Hi, Pavel. This is definitely supported, and it is indeed a bug that these are 
not both producing 'true'. We're tracking this as rdar://problem/24453316 
<rdar://problem/24453316>.

Jordan


> On Feb 5, 2017, at 03:14, Pavel Ivashkov via swift-users 
> <swift-users@swift.org> wrote:
> 
> Hello,
> 
> What is the current view on inheriting non-objc protocol from objc protocol? 

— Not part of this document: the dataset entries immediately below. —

(* Let $k\in\mathbb{N}$ with $\gcd(k,6)=2$, let $h$ be an integer with $\gcd(h,k)=1$, and let $h'$ be an integer with $hh'\equiv-1\pmod{4k}$ and $3\mid h'$. Then $$\frac{\omega_{3h,\frac{k}{2}}\,\omega_{h,\frac{k}{2}}\,\omega_{h,k}}{\omega_{3h,k}}=\exp\!\left( \frac{2\pi i}{36k} \left( h (9+9k) + h'(-5+2k^2) \right)\right)$$ and $$\frac{\omega_{3h,k}\,\omega_{h,\frac{k}{2}}\,\omega_{h,k}}{\omega_{3h,\frac{k}{2}}^3} =-\exp\!\left( -\frac{2\pi i}{18k} \left(h ( 9+9k) + h'(1-k^2) \right)\right).$$
   Context: For coprime integers $h$ and $K\ge1$, $\omega_{h,K}=\exp(\pi i\, s(h,K))$, where $s(h,K)=\sum_{r=1}^{K-1}\frac{r}{K}\left(\frac{hr}{K}-\lfloor \frac{hr}{K}\rfloor-\frac12\right)$ is the Dedekind sum (the multiplier of the Dedekind eta function; equivalently given by Rademacher's explicit formula in terms of Kronecker symbols and an integer $\tilde h$ with $h\tilde h\equiv-1\pmod K$). *)

theory Defs
  imports "HOL-Analysis.Analysis" "HOL-Number_Theory.Cong"
begin

definition dedekind_sum :: "int \<Rightarrow> nat \<Rightarrow> real" where
  "dedekind_sum h K = (\<Sum>r=1..<K. (real r / real K) *
      (real_of_int (h * int r) / real K - real_of_int \<lfloor>real_of_int (h * int r) / real K\<rfloor> - 1/2))"

definition omega :: "int \<Rightarrow> nat \<Rightarrow> complex" where
  "omega h K = exp (complex_of_real pi * \<i> * complex_of_real (dedekind_sum h K))"

end

theory Submission
  imports Defs
begin

text \<open>Write \<open>k = 2 m\<close> and \<open>h' = 3 g\<close>. Since \<open>12 c s(d, c)\<close> is an integer, each identity says that
  \<open>48 m\<close> divides an explicit integer combination of these numerators for \<open>(d, c) = (3h, m)\<close>,
  \<open>(h, m)\<close>, \<open>(h, 2m)\<close>, \<open>(3h, 2m)\<close>. After reducing \<open>h\<close> modulo \<open>4k\<close> to a positive \<open>H\<close>, Dedekind
  reciprocity rewrites \<open>3H\<close> times this combination in terms of the reciprocal sums \<open>s(m, 3H)\<close>,
  \<open>s(m, H)\<close>, \<open>s(2m, H)\<close>, \<open>s(2m, 3H)\<close>. Modulo \<open>16 m\<close> only the parities of \<open>A(m, c) + A(2m, c)\<close>
  then matter, where \<open>A(d, c) = \<Sum> r \<lfloor>d r / c\<rfloor>\<close> and \<open>c = H, 3H\<close>; they follow from a reflection
  argument in the style of Gauss' lemma. Divisibility by 3 comes from \<open>3 \<nmid> m\<close>.\<close>

definition floor_sum :: "int \<Rightarrow> nat \<Rightarrow> int" where
  "floor_sum d c = (\<Sum>r=1..<c. int r * (d * int r div int c))"

definition dedekind_num :: "int \<Rightarrow> nat \<Rightarrow> int" where
  "dedekind_num d c = 2 * d * (int c - 1) * (2 * int c - 1) - 12 * floor_sum d c - 3 * int c * (int c - 1)"

lemma double_sum_atLeast1_lessThan:
  "2 * (\<Sum>r=1..<c. of_nat r) = (of_nat c * (of_nat c - 1) :: 'a :: comm_ring_1)"
  by (induction c) (auto simp: algebra_simps)

lemma six_sum_squares_atLeast1_lessThan:
  "6 * (\<Sum>r=1..<c. of_nat r ^ 2) = (of_nat c * (of_nat c - 1) * (2 * of_nat c - 1) :: 'a :: comm_ring_1)"
  by (induction c) (auto simp: algebra_simps power2_eq_square)

lemma dedekind_sum_eq_num:
  assumes "c > 0"
  shows "dedekind_sum d c = dedekind_num d c / (12 * real c)"
proof -
  have floor_eq: "\<lfloor>real_of_int (d * int r) / real c\<rfloor> = d * int r div int c" for r
    using floor_divide_of_int_eq[of "d * int r" "int c"] by simp
  have "dedekind_sum d c = (\<Sum>r=1..<c. d / (real c)^2 * (real r)^2
      - 1 / real c * (int r * (d * int r div int c)) - 1 / (2 * real c) * real r)"
    unfolding dedekind_sum_def floor_eq
    by (rule sum.cong) (auto simp: field_simps power2_eq_square)
  also have "\<dots> = d / (real c)^2 * (\<Sum>r=1..<c. (real r)^2)
      - 1 / real c * floor_sum d c - 1 / (2 * real c) * (\<Sum>r=1..<c. real r)"
    by (simp add: floor_sum_def sum_subtractf sum_distrib_left)
  also have "\<dots> = dedekind_num d c / (12 * real c)"
  proof -
    have sum_id: "(\<Sum>r=1..<c. real r) = real c * (real c - 1) / 2"
      using double_sum_atLeast1_lessThan[of c, where 'a = real] by simp
    have sum_sq: "(\<Sum>r=1..<c. (real r)^2) = real c * (real c - 1) * (2 * real c - 1) / 6"
      using six_sum_squares_atLeast1_lessThan[of c, where 'a = real] by simp
    show ?thesis
      unfolding sum_id sum_sq using assms by (simp add: dedekind_num_def field_simps power2_eq_square)
  qed
  finally show ?thesis .
qed

lemma dedekind_num_shift:
  assumes "c > 0"
  shows "dedekind_num (d + int c * t) c = dedekind_num d c"
proof -
  have "(d + int c * t) * int r div int c = d * int r div int c + t * int r" for r
  proof -
    have "(d + int c * t) * int r = d * int r + t * int r * int c"
      by (simp add: algebra_simps)
    then show ?thesis
      using assms by simp
  qed
  then have "floor_sum (d + int c * t) c = floor_sum d c + t * (\<Sum>r=1..<c. int r ^ 2)"
    by (simp add: floor_sum_def algebra_simps power2_eq_square sum.distrib sum_distrib_left)
  then have "12 * floor_sum (d + int c * t) c = 12 * floor_sum d c + 2 * t * (6 * (\<Sum>r=1..<c. int r ^ 2))"
    by simp
  then show ?thesis
    unfolding six_sum_squares_atLeast1_lessThan dedekind_num_def by (simp add: algebra_simps)
qed

lemma three_dvd_dedekind_num:
  assumes "\<not> 3 dvd c"
  shows "3 dvd dedekind_num d c"
proof -
  have "3 dvd int c - 1 \<or> 3 dvd 2 * int c - 1"
    using assms by presburger
  then have "3 dvd (int c - 1) * (2 * int c - 1)"
    by auto
  then show ?thesis
    unfolding dedekind_num_def by (auto intro!: dvd_diff simp: mult.assoc)
qed

lemma bij_betw_mult_mod:
  fixes h k :: nat
  assumes "coprime h k"
  shows "bij_betw (\<lambda>x. h * x mod k) {1..<k} {1..<k}"
proof -
  have inj: "inj_on (\<lambda>x. h * x mod k) {1..<k}"
  proof (rule inj_onI)
    fix x y assume "x \<in> {1..<k}" "y \<in> {1..<k}" "h * x mod k = h * y mod k"
    then have "[x = y] (mod k)"
      using assms by (simp add: cong_def[symmetric] cong_mult_lcancel_nat)
    then show "x = y"
      using \<open>x \<in> {1..<k}\<close> \<open>y \<in> {1..<k}\<close>
      by (simp add: cong_less_modulus_unique_nat)
  qed
  have "(\<lambda>x. h * x mod k) ` {1..<k} \<subseteq> {1..<k}"
  proof clarify
    fix x assume x: "x \<in> {1..<k}"
    have "\<not> k dvd x"
      using x by (auto dest: dvd_imp_le)
    then have "\<not> k dvd h * x"
      using assms by (simp add: coprime_commute coprime_dvd_mult_right_iff)
    then show "h * x mod k \<in> {1..<k}"
      using x by (auto simp: dvd_eq_mod_eq_0 intro: Suc_leI)
  qed
  then show ?thesis
    using inj endo_inj_surj[of "{1..<k}"] by (simp add: bij_betw_def)
qed
(* For every integer $n \ge 6$, $\gamma^{\rm ID}(K_n \times K_{2n-5}) = 2n-4$.
   Context: For a graph $G$ and vertex $x$, $N[x]$ denotes the closed neighborhood of $x$. A set $C \subseteq V(G)$ is an identifying code (ID code) of $G$ if $C$ is a dominating set of $G$ and $N[x]\cap C \ne N[y]\cap C$ for every pair of distinct vertices $x,y$. $\gamma^{\rm ID}(G)$ is the minimum cardinality of an ID code of $G$. The direct product $G_1\times G_2$ has vertex set $V(G_1)\times V(G_2)$, with $(u_1,u_2)$ adjacent to $(v_1,v_2)$ iff $u_1v_1\in E(G_1)$ and $u_2v_2 \in E(G_2)$. $K_n$ is the complete graph on vertex set $[n]=\{1,\dots,n\}$; thus in $K_n\times K_m$ two vertices are adjacent iff they differ in both coordinates. *)

theory Defs
  imports Main
begin

text \<open>A (finite simple) graph is given by a vertex set V and a symmetric,
irreflexive adjacency relation E.  Closed neighbourhood N[x] within V.\<close>

definition closed_nbhd :: "'a set \<Rightarrow> ('a \<Rightarrow> 'a \<Rightarrow> bool) \<Rightarrow> 'a \<Rightarrow> 'a set" where
  "closed_nbhd V E x = {y \<in> V. y = x \<or> E x y}"

definition dominating_set :: "'a set \<Rightarrow> ('a \<Rightarrow> 'a \<Rightarrow> bool) \<Rightarrow> 'a set \<Rightarrow> bool" where
  "dominating_set V E C \<longleftrightarrow> C \<subseteq> V \<and> (\<forall>x\<in>V. closed_nbhd V E x \<inter> C \<noteq> {})"

definition id_code :: "'a set \<Rightarrow> ('a \<Rightarrow> 'a \<Rightarrow> bool) \<Rightarrow> 'a set \<Rightarrow> bool" where
  "id_code V E C \<longleftrightarrow> dominating_set V E C \<and>
     (\<forall>x\<in>V. \<forall>y\<in>V. x \<noteq> y \<longrightarrow> closed_nbhd V E x \<inter> C \<noteq> closed_nbhd V E y \<inter> C)"

text \<open>Identifying code number: minimum cardinality of an ID code
(for finite graphs admitting an ID code).\<close>

definition gamma_ID :: "'a set \<Rightarrow> ('a \<Rightarrow> 'a \<Rightarrow> bool) \<Rightarrow> nat" where
  "gamma_ID V E = Min (card ` {C. id_code V E C})"

definition K_verts :: "nat \<Rightarrow> nat set" where
  "K_verts n = {1..n}"

definition K_adj :: "nat \<Rightarrow> nat \<Rightarrow> bool" where
  "K_adj u v \<longleftrightarrow> u \<noteq> v"

definition dprod_verts :: "'a set \<Rightarrow> 'b set \<Rightarrow> ('a \<times> 'b) set" where
  "dprod_verts V1 V2 = V1 \<times> V2"

definition dprod_adj :: "('a \<Rightarrow> 'a \<Rightarrow> bool) \<Rightarrow> ('b \<Rightarrow> 'b \<Rightarrow> bool) \<Rightarrow> ('a \<times> 'b) \<Rightarrow> ('a \<times> 'b) \<Rightarrow> bool" where
  "dprod_adj E1 E2 u v \<longleftrightarrow> E1 (fst u) (fst v) \<and> E2 (snd u) (snd v)"

end

theory Submission
  imports Defs
begin

(* Identifying codes of K_n x K_m, following the rook's-graph point of view: a vertex
   (a,b) of K_R x K_Q sees exactly the codewords outside its own row a and column b.

   1. Two vertices have the same trace on a code C iff (same row) their two columns
      carry no codeword, or (same column) their two rows carry none, or (otherwise)
      every codeword in their two rows or two columns lies in the 2x2 block they span.
   2. Lower bound: an identifying code C with card C <= |Q| satisfies 2|R| <= |C| + 4.
      At most one row and one column are empty, so a short code has three rows with a
      single codeword; the column budget |C| <= |Q| allows at most one column with two
      or more codewords, and every configuration of three singleton rows then produces
      an unseparated pair by (1).
   3. Upper bound: an explicit code of size 2n-4 in K_n x K_(2n-5): rows 1,2,3 in
      column 1 and, for j = 2..2n-6, the codeword ((j+7) div 2, j), checked with (1).
   The theorem follows: with |Q| = 2n-5, a code of size <= 2n-5 would violate (2). *)

abbreviation KxK_adj :: "'a \<times> 'b \<Rightarrow> 'a \<times> 'b \<Rightarrow> bool" where
  "KxK_adj \<equiv> dprod_adj (\<noteq>) (\<noteq>)"

lemma dprod_K_adj: "dprod_adj K_adj K_adj = KxK_adj"
proof -
  have "K_adj = (\<noteq>)" by (intro ext) (simp add: K_adj_def)
  then show ?thesis by simp
qed

lemma KxK_trace:
  assumes "C \<subseteq> R \<times> Q"
  shows "closed_nbhd (R \<times> Q) KxK_adj x \<inter> C = {c \<in> C. c = x \<or> fst c \<noteq> fst x \<and> snd c \<noteq> snd x}"
  using assms unfolding closed_nbhd_def dprod_adj_def by auto

lemma restricted_Collect_eq_iff: "{x \<in> A. P x} = {x \<in> A. P' x} \<longleftrightarrow> (\<forall>x \<in> A. P x \<longleftrightarrow> P' x)"
  by blast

> Is it supported? Is it a valid construct?
> 
> 
> import Foundation
> 
> @objc protocol Base {}
> 
> protocol Some : Base {}
> 
> class Nada : NSObject, Some {}
> 
> let x: NSObject = Nada()
> 
> print("Nada is Some? \(x is Some)")
> print("Nada is Base? \(x is Base)")
> 
> 
> There are two statements in the docs on @objc attribute:
> a) The compiler also implicitly adds the objc attribute to a class that 
> inherits from another class marked with the objc attribute or a class defined 
> in Objective-C.
> b) Protocols marked with the objc attribute can’t inherit from protocols that 
> aren’t.
> 
> But they don't spec the other way round about protocols.
> 
> 
> Currently the output is
> 
> swift main.swift
> Nada is Some? true
> Nada is Base? false
> 
> Which is not what I would expect.
> 
> Here is extended example: http://stackoverflow.com/q/42023977 
> <http://stackoverflow.com/q/42023977>
> 
> swift --version
> Apple Swift version 3.0.2 (swiftlang-800.0.63 clang-800.0.42.1)
> Target: x86_64-apple-macosx10.9
> 
> (same on 3.1-dev)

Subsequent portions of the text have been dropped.